2018-03-17 at 8:09 PM UTC
Has anyone actually experienced this? By bit rot I mean a bit getting flipped by cosmic radiation or magnetic field degradation on static media, causing data corruption that is undetectable by the filesystem and only noticeable once you try to open the file and everything is garbled.
Some people consider it a serious issue and use checksumming filesystems like ZFS with RAID to detect and repair silent corruption. I've never encountered it on my personal boxes or any servers I've worked on, so I think these concerns may be overblown and the Hamming codes used for error correction on modern drives do a pretty good job of dealing with this at a hardware level.

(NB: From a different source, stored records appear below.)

lemma jko_interpolation_converges:
  assumes X: "X 0 = x0" "\<And>t. t \<ge> 0 \<Longrightarrow> X t \<in> {0..1} \<and> (X has_real_derivative F (X t)) (at t)"
      "\<And>t. t \<ge> 0 \<Longrightarrow> ((\<lambda>t. shah_coord (X t)) has_real_derivative - G (X t)) (at t)"
    and Xs: "\<forall>h>0. Xs h 0 = x0 \<and> (\<forall>n. jko_step \<theta> V h (Xs h n) (Xs h (Suc n)))"
    and "T \<ge> 0"
  shows "uniform_limit {0..T} (\<lambda>h t. pc_interp h (Xs h) t) X (at_right 0)"
  unfolding uniform_limit_iff
proof (intro allI impI)
  fix \<epsilon> :: real assume "\<epsilon> > 0"
  obtain L where L: "L \<ge> 0"
    "\<And>x y. x \<in> {0..1} \<Longrightarrow> y \<in> {0..1} \<Longrightarrow> \<bar>G x - G y\<bar> \<le> L * \<bar>shah_coord x - shah_coord y\<bar>"
    using G_lipschitz_coord by blast
  obtain M where M: "M \<ge> 0" "\<And>x. x \<in> {0..1} \<Longrightarrow> norm (G x) \<le> M"
    using continuous_on_compact_bound[OF compact_Icc G_cont] by blast
  obtain MF where MF: "MF \<ge> 0" "\<And>x. x \<in> {0..1} \<Longrightarrow> norm (F x) \<le> MF"
    using continuous_on_compact_bound[OF compact_Icc F_cont] by blast
  obtain \<delta> where \<delta>: "\<delta> > 0"
    "\<And>x y. x \<in> {0..1} \<Longrightarrow> y \<in> {0..1} \<Longrightarrow> \<bar>shah_coord x - shah_coord y\<bar> < \<delta> \<Longrightarrow> \<bar>x - y\<bar> < \<epsilon> / 2"
    using shah_coord_inverse_uniformly_continuous[of "\<epsilon> / 2"] \<open>\<epsilon> > 0\<close> by auto
  define A where "A = (T + 1) * (L * M) * exp (2 * L * (T + 1))"
  have A: "A \<ge> 0" using \<open>T \<ge> 0\<close> L(1) M(1) by (simp add: A_def)
  define b where "b = min (min 1 (1 / (2 * L + 1))) (min (\<delta> / (A + 1)) (\<epsilon> / (2 * (MF + 1))))"
  have "b > 0" using L(1) \<delta>(1) A \<open>\<epsilon> > 0\<close> MF(1) by (simp add: b_def)
  have close: "\<bar>pc_interp h (Xs h) t - X t\<bar> < \<epsilon>" if h: "0 < h" "h < b" and t: "t \<in> {0..T}" for h t
  proof -
    define N where "N = nat \<lceil>t / h\<rceil>"
    have N: "pc_interp h (Xs h) t = Xs h N" "t \<le> N * h" "N * h < t + h"
      using pc_interp_ceiling(1)[of h t "Xs h"] pc_interp_ceiling(2,3)[of h t] h t
      by (simp_all add: N_def)
    have "h * (2 * L + 1) < 1" "h * (A + 1) < \<delta>" "h * (2 * (MF + 1)) < \<epsilon>"
      using h L(1) A MF(1) by (auto simp: b_def field_simps)
    then have hL: "h * L \<le> 1 / 2" using h by (simp add: algebra_simps)
    have NhT: "N * h \<le> T + 1" using N(3) t h(2) by (simp add: b_def)
    have "\<bar>shah_coord (Xs h N) - shah_coord (X (N * h))\<bar> \<le> A * h"
      unfolding A_def using Xs h(1) X M(2)
      by (intro jko_coord_error[OF L(2,1) _ X(1) _ X(3) _ _ h(1) hL NhT]) auto
    also have "\<dots> < \<delta>" using \<open>h * (A + 1) < \<delta>\<close> h(1) by (simp add: algebra_simps)
    finally have "\<bar>shah_coord (Xs h N) - shah_coord (X (N * h))\<bar> < \<delta>" .
    moreover have "Xs h N \<in> {0..1}" "X (N * h) \<in> {0..1}"
      using jko_sequence_in_Icc[of "Xs h" \<theta> V h N] Xs X(1) X(2)[of 0] X(2)[of "N * h"] N(2) t h(1)
      by auto
    ultimately have "\<bar>Xs h N - X (N * h)\<bar> < \<epsilon> / 2" using \<delta>(2) by blast
    moreover have "\<bar>X (N * h) - X t\<bar> \<le> MF * \<bar>N * h - t\<bar>"
      by (rule DERIV_bounded_imp_lipschitz_nonneg[where f'="\<lambda>t. F (X t)"])
        (use X(2) MF(2) N(2) t in auto)
    moreover have "MF * \<bar>N * h - t\<bar> \<le> MF * h" using N MF(1) by (intro mult_left_mono) auto
    moreover have "MF * h < \<epsilon> / 2" using \<open>h * (2 * (MF + 1)) < \<epsilon>\<close> h(1) MF(1) by (simp add: algebra_simps)
    ultimately show ?thesis unfolding N(1) by linarith
  qed
  show "\<forall>\<^sub>F h in at_right 0. \<forall>t\<in>{0..T}. dist (pc_interp h (Xs h) t) (X t) < \<epsilon>"
    using eventually_at_right_real[OF \<open>b > 0\<close>]
    by eventually_elim (use close in \<open>auto simp: dist_real_def\<close>)
qed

That said, I do store important files in archive formats that can recover from some level of corruption, and I'm considering a switch to btrfs or ZFS on my NAS and running a monthly scrub just in case.
2018-03-17 at 8:17 PM UTC
How would you know that was the cause of the problem though?
2018-03-17 at 8:19 PM UTC
im not saying it was aliens but...
2018-03-17 at 9:15 PM UTC
you do realize the actual physical residence of the data is on a cheaply made piece of thin metal, embedded within a 'matrix' of magnetic 'goo' with the resiliency of a snow man in death-valley...rite?
2018-03-17 at 9:16 PM UTC
i use teracopy with copy verification.
is that good enough ???
2018-03-17 at 11:25 PM UTC
-SpectraL
coward
[the spuriously bluish-lilac bushman]
This used to happen all the time with compressed Microsoft .cab files. One minute the file would be fine, next minute it would be corrupt. No rhyme or reason.
2018-03-19 at 8:36 AM UTC
Surprisingly the rate of cosmic radiation bit flipping (one of my favorite metrics) is actually high enough that most people with a rotational harddrive have probably experienced it a few times. Every filesystem you're likely to use implements CRC or some other kind of error correction logic though, so the chances of you experiencing data loss as a result is so vanishingly low that it's extremely unlikely anyone here has ever seen it.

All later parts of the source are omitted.